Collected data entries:
◆ ◆ ◆
text \<open>A C1 function has a partial derivative along every coordinate line that stays in its
  domain: restricting the first order approximation to the line gives the difference quotient.\<close>
lemma C1_on_partial_derivative:
  fixes g :: "('i \<Rightarrow> real) \<Rightarrow> real"
  assumes C1: "C1_on I S g" and fin: "finite I" and zS: "z \<in> S" and iI: "i \<in> I"
    and line: "\<forall>t\<in>T. z(i:=t) \<in> S"
  shows "\<exists>c. ((\<lambda>t. g (z(i:=t))) has_real_derivative c) (at (z i) within T)"
proof -
  obtain D where L: "((\<lambda>y. (g y - g z - (\<Sum>k\<in>I. D k z * (y k - z k))) / (\<Sum>k\<in>I. \<bar>y k - z k\<bar>))
              \<longlongrightarrow> 0) (at z within S)" using C1 zS unfolding C1_on_def by blast
  define c where "c = D i z"
  have filt: "filterlim (\<lambda>t. z(i:=t)) (at z within S) (at (z i) within T)"
    unfolding filterlim_at
  proof
    show "\<forall>\<^sub>F t in at (z i) within T. z(i := t) \<in> S \<and> z(i := t) \<noteq> z"
      unfolding eventually_at_filter using line
      by (auto intro!: always_eventually dest: fun_cong[where x=i])
    show "((\<lambda>t. z(i:=t)) \<longlongrightarrow> z) (at (z i) within T)"
      using fun_upd_tendsto[of z i "z i" T] by simp
  qed
  have linear_part: "(\<Sum>k\<in>I. D k z * ((z(i:=t)) k - z k)) = c * (t - z i)" for t
  proof -
    have "(\<Sum>k\<in>I. D k z * ((z(i:=t)) k - z k)) = (\<Sum>k\<in>I. if k = i then c * (t - z i) else 0)"
      by (rule sum.cong) (auto simp: c_def)
    then show ?thesis using fin iI by simp
  qed
  have distance: "(\<Sum>k\<in>I. \<bar>(z(i:=t)) k - z k\<bar>) = \<bar>t - z i\<bar>" for t
  proof -
    have "(\<Sum>k\<in>I. \<bar>(z(i:=t)) k - z k\<bar>) = (\<Sum>k\<in>I. if k = i then \<bar>t - z i\<bar> else 0)"
      by (rule sum.cong) auto
    then show ?thesis using fin iI by simp
  qed
  define q where "q t = (g (z(i:=t)) - g z - c * (t - z i)) / \<bar>t - z i\<bar>" for t
  have q0: "(q \<longlongrightarrow> 0) (at (z i) within T)"
    using filterlim_compose[OF L filt] unfolding q_def linear_part distance by simp
  have "((\<lambda>t. (g (z(i:=t)) - g (z(i:=z i))) / (t - z i) - c) \<longlongrightarrow> 0) (at (z i) within T)"
  proof (rule Lim_null_comparison)
    show "\<forall>\<^sub>F t in at (z i) within T. norm ((g (z(i:=t)) - g (z(i:=z i))) / (t - z i) - c) \<le> \<bar>q t\<bar>"
      unfolding eventually_at_filter
    proof (intro always_eventually allI impI)
      fix t assume "t \<noteq> z i"
      then have "(g (z(i:=t)) - g (z(i:=z i))) / (t - z i) - c
          = (g (z(i:=t)) - g z - c * (t - z i)) / (t - z i)"
        by (simp add: field_simps)
      then show "norm ((g (z(i:=t)) - g (z(i:=z i))) / (t - z i) - c) \<le> \<bar>q t\<bar>"
        by (simp add: q_def abs_divide)
    qed
    show "((\<lambda>t. \<bar>q t\<bar>) \<longlongrightarrow> 0) (at (z i) within T)"
      using tendsto_rabs_zero[OF q0] .
  qed
  then have "((\<lambda>t. (g (z(i:=t)) - g (z(i:=z i))) / (t - z i)) \<longlongrightarrow> c) (at (z i) within T)"
    by (simp add: LIM_zero_iff)
  then show ?thesis by (auto simp: has_field_derivative_iff)
qed

text \<open>The same for a map of two arguments (flows on links and path distributions), encoded
  on the disjoint union of the index sets as in the hypothesis on G: it has a partial
  derivative in every link coordinate along which the flow stays admissible.\<close>
lemma C1_on_link_partial_derivative:
  fixes h :: "('a \<Rightarrow> real) \<Rightarrow> ('b \<Rightarrow> real) \<Rightarrow> real"
  assumes C1: "C1_on (Inl ` L \<union> Inr ` P)
      {z. (\<lambda>l. z (Inl l)) \<in> A \<and> (\<lambda>p. z (Inr p)) \<in> B} (\<lambda>z. h (\<lambda>l. z (Inl l)) (\<lambda>p. z (Inr p)))"
    and fin: "finite L" "finite P" and eL: "e \<in> L"
    and line: "\<forall>s\<in>T. x(e:=s) \<in> A" and \<rho>B: "\<rho> \<in> B" and tT: "t \<in> T"
  shows "\<exists>c. ((\<lambda>s. h (x(e:=s)) \<rho>) has_real_derivative c) (at t within T)"
proof -
  define S where "S = {z. (\<lambda>l. z (Inl l)) \<in> A \<and> (\<lambda>p. z (Inr p)) \<in> B}"
  define z where "z = case_sum (x(e:=t)) \<rho>"
  have components: "(\<lambda>l. (z(Inl e := s)) (Inl l)) = x(e:=s)" "(\<lambda>p. (z(Inl e := s)) (Inr p)) = \<rho>"
    for s by (auto simp: z_def)
  have on_line: "\<forall>s\<in>T. z(Inl e := s) \<in> S"
  proof
    fix s assume "s \<in> T"
    then show "z(Inl e := s) \<in> S"
      unfolding S_def mem_Collect_eq components using line \<rho>B by blast
  qed
  have "z(Inl e := t) = z" by (rule ext) (simp add: z_def split: sum.split)
  then have zS: "z \<in> S" using on_line tT by force
  have "Inl e \<in> Inl ` L \<union> Inr ` P" using eL by simp
  from C1_on_partial_derivative[OF C1[folded S_def] _ zS this on_line] fin
  obtain c where "((\<lambda>s. h (\<lambda>l. (z(Inl e := s)) (Inl l)) (\<lambda>p. (z(Inl e := s)) (Inr p)))
      has_real_derivative c) (at (z (Inl e)) within T)" by auto
  then show ?thesis unfolding components by (auto simp: z_def)
qed

section \<open>From nonnegative partial derivatives to monotonicity\<close>

abbreviation cap_interval :: "ereal \<Rightarrow> real set" where
  "cap_interval c \<equiv> {t. 0 \<le> t \<and> ereal t < c}"

lemma nonneg_deriv_imp_mono_on_cap_interval:
  fixes \<phi> :: "real \<Rightarrow> real"
  assumes ex: "\<forall>t\<in>cap_interval c. \<exists>d. (\<phi> has_real_derivative d) (at t within cap_interval c)"
    and nn: "\<forall>t\<in>cap_interval c. \<forall>D. (\<phi> has_real_derivative D) (at t within cap_interval c) \<longrightarrow> 0 \<le> D"
    and ab: "0 \<le> a" "a \<le> b" "ereal b < c"
  shows "\<phi> a \<le> \<phi> b"
proof -
  have inT: "s \<in> cap_interval c" if "0 \<le> s" "s \<le> b" for s
  proof -
    have "ereal s \<le> ereal b" using that by simp
    then have "ereal s < c" using ab(3) by (rule le_less_trans)
    then show ?thesis using that by simp
  qed
  have abT: "{a..b} \<subseteq> cap_interval c" using inT ab by auto
  show ?thesis
  proof (rule DERIV_nonneg_imp_increasing_open[OF ab(2)])
    fix t assume t: "a < t" "t < b"
    have "{0<..<b} \<subseteq> cap_interval c" using inT by auto
    moreover have "t \<in> {0<..<b}" using t ab by auto
    ultimately have "t \<in> interior (cap_interval c)"
      by (meson interior_maximal open_greaterThanLessThan subsetD)
    then have atT: "at t within cap_interval c = at t" by (rule at_within_interior)
    have "t \<in> cap_interval c" using subsetD[OF abT] t by simp
    then obtain d where "(\<phi> has_real_derivative d) (at t within cap_interval c)" using ex by blast
    moreover from this have "0 \<le> d" using nn \<open>t \<in> cap_interval c\<close> by blast
    ultimately show "\<exists>y. (\<phi> has_real_derivative y) (at t) \<and> 0 \<le> y" using atT by auto
  next
    show "continuous_on {a..b} \<phi>"
      unfolding continuous_on_eq_continuous_within
    proof
      fix t assume "t \<in> {a..b}"
      then have "t \<in> cap_interval c" using subsetD[OF abT] by simp
      then obtain d where "(\<phi> has_real_derivative d) (at t within cap_interval c)" using ex by blast
      then have "continuous (at t within cap_interval c) \<phi>" by (rule DERIV_continuous)
      then show "continuous (at t within {a..b}) \<phi>" using abT continuous_within_subset by blast
    qed
  qed
qed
◆ ◆ ◆
Find the count of lines in the data above where the string "ultimately" occurs. Provide that number alone.

### EXPECTED OUTPUT:
2